(Available data)

lemma u_beta_add_D_beta_eq:
  fixes \<alpha> \<sigma> K C q \<beta> :: real
  assumes \<sigma>: "\<sigma> \<noteq> 0" "1 + 1 / \<sigma> > 0" and \<alpha>\<sigma>: "\<alpha> * \<sigma> > 0" and q: "q > 0"
    and \<beta>: "0 < \<beta>" "\<beta> < 1"
  defines "s \<equiv> 1 / \<sigma>" and "x \<equiv> \<alpha> * \<sigma> * q"
  defines "y \<equiv> x / (1 + x)"
  shows "u_beta K \<sigma> \<alpha> C \<beta> q + D_beta K \<sigma> \<alpha> \<beta> = C + K * \<sigma> / (\<sigma> - 1) *
           ((1 + x) powr (\<beta> - s) * q powr (1 - \<beta>) + (\<alpha> * \<sigma>) powr (\<beta> - 1) * (s - \<beta>) / s *
             ((s + 1 - \<beta>) * integral {y..1} (\<lambda>v. v powr (- \<beta>) * (1 - v) powr s)
              + y powr (1 - \<beta>) * (1 - y) powr s))"
proof -
  define P where "P = K * \<sigma> / (\<sigma> - 1)"
  define A where "A = (1 + x) powr (\<beta> - s) * q powr (1 - \<beta>)"
  define E where "E = (\<alpha> * \<sigma>) powr (\<beta> - 1)"
  define Z where "Z = y powr (1 - \<beta>) * (1 + x) powr (1 - s)"
  define I where "I = kernel_integral s x \<beta>"
  define L where "L = incomplete_Beta y (1 - \<beta>) s"
  define H where "H = incomplete_Beta y (1 - \<beta>) (s + 1)"
  define T where "T = integral {y..1} (\<lambda>v. v powr (- \<beta>) * (1 - v) powr s)"
  define Y where "Y = y powr (1 - \<beta>) * (1 - y) powr s"
  define G where "G = Gamma (1 - \<beta>) * Gamma s * rGamma (s - \<beta>)"
  define B where "B = Beta (1 - \<beta>) (s + 1)"
  have s: "s > -1" "s \<noteq> 0"
    using \<sigma> by (auto simp: s_def)
  have x: "x > 0"
    using \<alpha>\<sigma> q by (simp add: x_def)
  then have y: "0 < y" "y < 1"
    by (auto simp: y_def)
  have Z: "Z > 0"
    using x y by (simp add: Z_def)
  have A: "A = E * Z"
    using u_beta_prefactor_eq[OF \<alpha>\<sigma> q, of \<beta> s, folded x_def y_def] by (simp add: A_def E_def Z_def)
  have "L = Z * I"
    using incomplete_Beta_eq_kernel_integral[OF x \<beta>(2), of s, folded y_def]
    by (simp add: L_def Z_def I_def)
  then have I: "I = L / Z"
    using Z by simp
  have L: "L = ((s + 1 - \<beta>) * H - Y) / s"
    using incomplete_Beta_recurrence[of "1 - \<beta>" s y] \<beta> s y
    by (simp add: L_def H_def Y_def field_simps)
  have H: "H = B - T"
    using incomplete_Beta_add_tail[of "1 - \<beta>" "s + 1" y] \<beta> s y by (simp add: H_def T_def B_def)
  have "s \<notin> \<int>\<^sub>\<le>\<^sub>0"
    using s by (auto elim!: nonpos_Ints_cases)
  then have G: "G = (s - \<beta>) * (s + 1 - \<beta>) * B / s"
    using Gamma_mult_rGamma_eq_Beta[of s "1 - \<beta>"] s by (simp add: G_def B_def field_simps)
  have u: "u_beta K \<sigma> \<alpha> C \<beta> q = P * A * (1 + (\<beta> - s) * I) + C"
    using u_beta_eq_kernel_integral[of K \<sigma> \<alpha> C \<beta> q, folded s_def x_def]
    by (simp add: P_def A_def I_def)
  have D: "D_beta K \<sigma> \<alpha> \<beta> = P * G * E"
    unfolding D_beta_def s_def[symmetric] by (simp add: P_def G_def E_def)
  \<comment> \<open>the complete Beta integral B enters through L (via H) and through G, and cancels\<close>
  have "P * A * (1 + (\<beta> - s) * I) + C + P * G * E = C + P * (A + E * (s - \<beta>) / s * ((s + 1 - \<beta>) * T + Y))"
    unfolding A I L H G using Z s by (simp add: field_simps)
  then show ?thesis
    unfolding u D by (simp add: P_def A_def E_def T_def Y_def)
qed
lemma alg_invertible_cscale_iff:
  fixes x :: "'a::complex_banach_algebra_1"
  assumes "a \<noteq> 0" shows "alg_invertible (cscale a x) \<longleftrightarrow> alg_invertible x"
proof -
  have *: "alg_invertible (cscale b y)" if b: "b \<noteq> 0" and y: "alg_invertible y" for b and y :: 'a
  proof -
    obtain z where "y * z = 1" "z * y = 1" using y unfolding alg_invertible_def by blast
    then have "cscale b y * cscale (1/b) z = 1" "cscale (1/b) z * cscale b y = 1"
      using b
      by (simp_all add: cscale_mult_left[symmetric] cscale_mult_right[symmetric] cscale_assoc cscale_one)
    then show ?thesis unfolding alg_invertible_def by blast
  qed
  from *[of "1/a" "cscale a x"] *[of a x] assms show ?thesis
    by (auto simp: cscale_assoc cscale_one)
qed

lemma ainv_cscale:
  fixes x :: "'a::complex_banach_algebra_1"
  assumes "a \<noteq> 0" "alg_invertible x"
  shows "ainv (cscale a x) = cscale (1/a) (ainv x)"
  using assms ainv_inverse[OF assms(2)]
  by (intro ainv_eq)
     (simp_all add: cscale_mult_left[symmetric] cscale_mult_right[symmetric] cscale_assoc cscale_one)

lemma alg_invertible_cscale_one_diff:
  fixes x :: "'a::complex_banach_algebra_1"
  assumes "norm x < cmod l"
  shows "alg_invertible (cscale l 1 - x)"
proof -
  have l: "l \<noteq> 0" using assms norm_ge_zero[of x] by auto
  have "norm (cscale (1/l) x) < 1" using assms l by (simp add: norm_cscale norm_divide field_simps)
  then have "alg_invertible (1 - cscale (1/l) x)"
    using neumann_series(1,2) unfolding alg_invertible_def by blast
  moreover have "cscale l 1 - x = cscale l (1 - cscale (1/l) x)"
    using l by (simp add: cscale_diff_right cscale_assoc cscale_one)
  ultimately show ?thesis using alg_invertible_cscale_iff[OF l] by metis
qed

lemma ainv_near:
  fixes a b x :: "'a::{real_normed_algebra_1,banach}"
  assumes ab: "a * b = 1" "b * a = 1" and small: "norm b * norm (x - a) < 1/2"
  shows "norm (ainv x - b) \<le> 2 * norm b ^ 2 * norm (x - a)"
proof -
  define y where "y = b * (a - x)"
  have ny: "norm y \<le> norm b * norm (x - a)"
    unfolding y_def using norm_mult_ineq[of b "a - x"] by (simp add: norm_minus_commute)
  with small have ny1: "norm y < 1/2" by linarith
  define S where "S = (\<Sum>n. y^n)"
  have S: "(1 - y) * S = 1" "S * (1 - y) = 1" "norm (S - 1) \<le> norm y / (1 - norm y)"
    using neumann_series[of y] ny1 unfolding S_def by auto
  have xa: "x = a * (1 - y)"
    using ab by (simp add: y_def right_diff_distrib mult.assoc[symmetric])
  have "x * (S * b) = a * ((1 - y) * S) * b" "(S * b) * x = S * (b * a) * (1 - y)"
    by (simp_all only: xa mult.assoc)
  then have "x * (S * b) = 1" "(S * b) * x = 1" by (simp_all add: S ab)
  then have "ainv x = S * b" by (rule ainv_eq)
  then have "norm (ainv x - b) = norm ((S - 1) * b)" by (simp add: algebra_simps)
  also have "\<dots> \<le> norm (S - 1) * norm b" by (rule norm_mult_ineq)
  also have "\<dots> \<le> (2 * norm y) * norm b"
  proof (rule mult_right_mono)
    have "norm y / (1 - norm y) \<le> norm y / (1/2)"
      by (rule divide_left_mono) (use ny1 in auto)
    with S(3) show "norm (S - 1) \<le> 2 * norm y" by simp
  qed simp
  also have "\<dots> \<le> 2 * (norm b * norm (x - a)) * norm b"
    using ny by (intro mult_right_mono) auto
  finally show ?thesis by (simp add: power2_eq_square mult_ac)
qed

lemma isCont_ainv:
  fixes a :: "'a::{real_normed_algebra_1,banach}"
  assumes "alg_invertible a"
  shows "isCont ainv a"
proof -
  define b where "b = ainv a"
  have ab: "a * b = 1" "b * a = 1" using ainv_inverse[OF assms] by (auto simp: b_def)
  have "((\<lambda>x. norm b * norm (x - a)) \<longlongrightarrow> 0) (at a)"
    by (intro tendsto_eq_intros) auto
  then have "eventually (\<lambda>x. norm b * norm (x - a) < 1/2) (at a)"
    by (rule order_tendstoD) simp
  then have "eventually (\<lambda>x. norm (ainv x - b) \<le> 2 * norm b ^ 2 * norm (x - a)) (at a)"
    by eventually_elim (rule ainv_near[OF ab])
  moreover have "((\<lambda>x. 2 * norm b ^ 2 * norm (x - a)) \<longlongrightarrow> 0) (at a)"
    by (intro tendsto_eq_intros) auto
  ultimately have "((\<lambda>x. ainv x - b) \<longlongrightarrow> 0) (at a)"
    by (rule Lim_null_comparison)
  then show ?thesis unfolding isCont_def b_def by (rule LIM_zero_cancel)
qed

(End Available data)

Problem statement: Your answer should be one number: how many lines in the material above contain the string "dots".

Expected answer: 3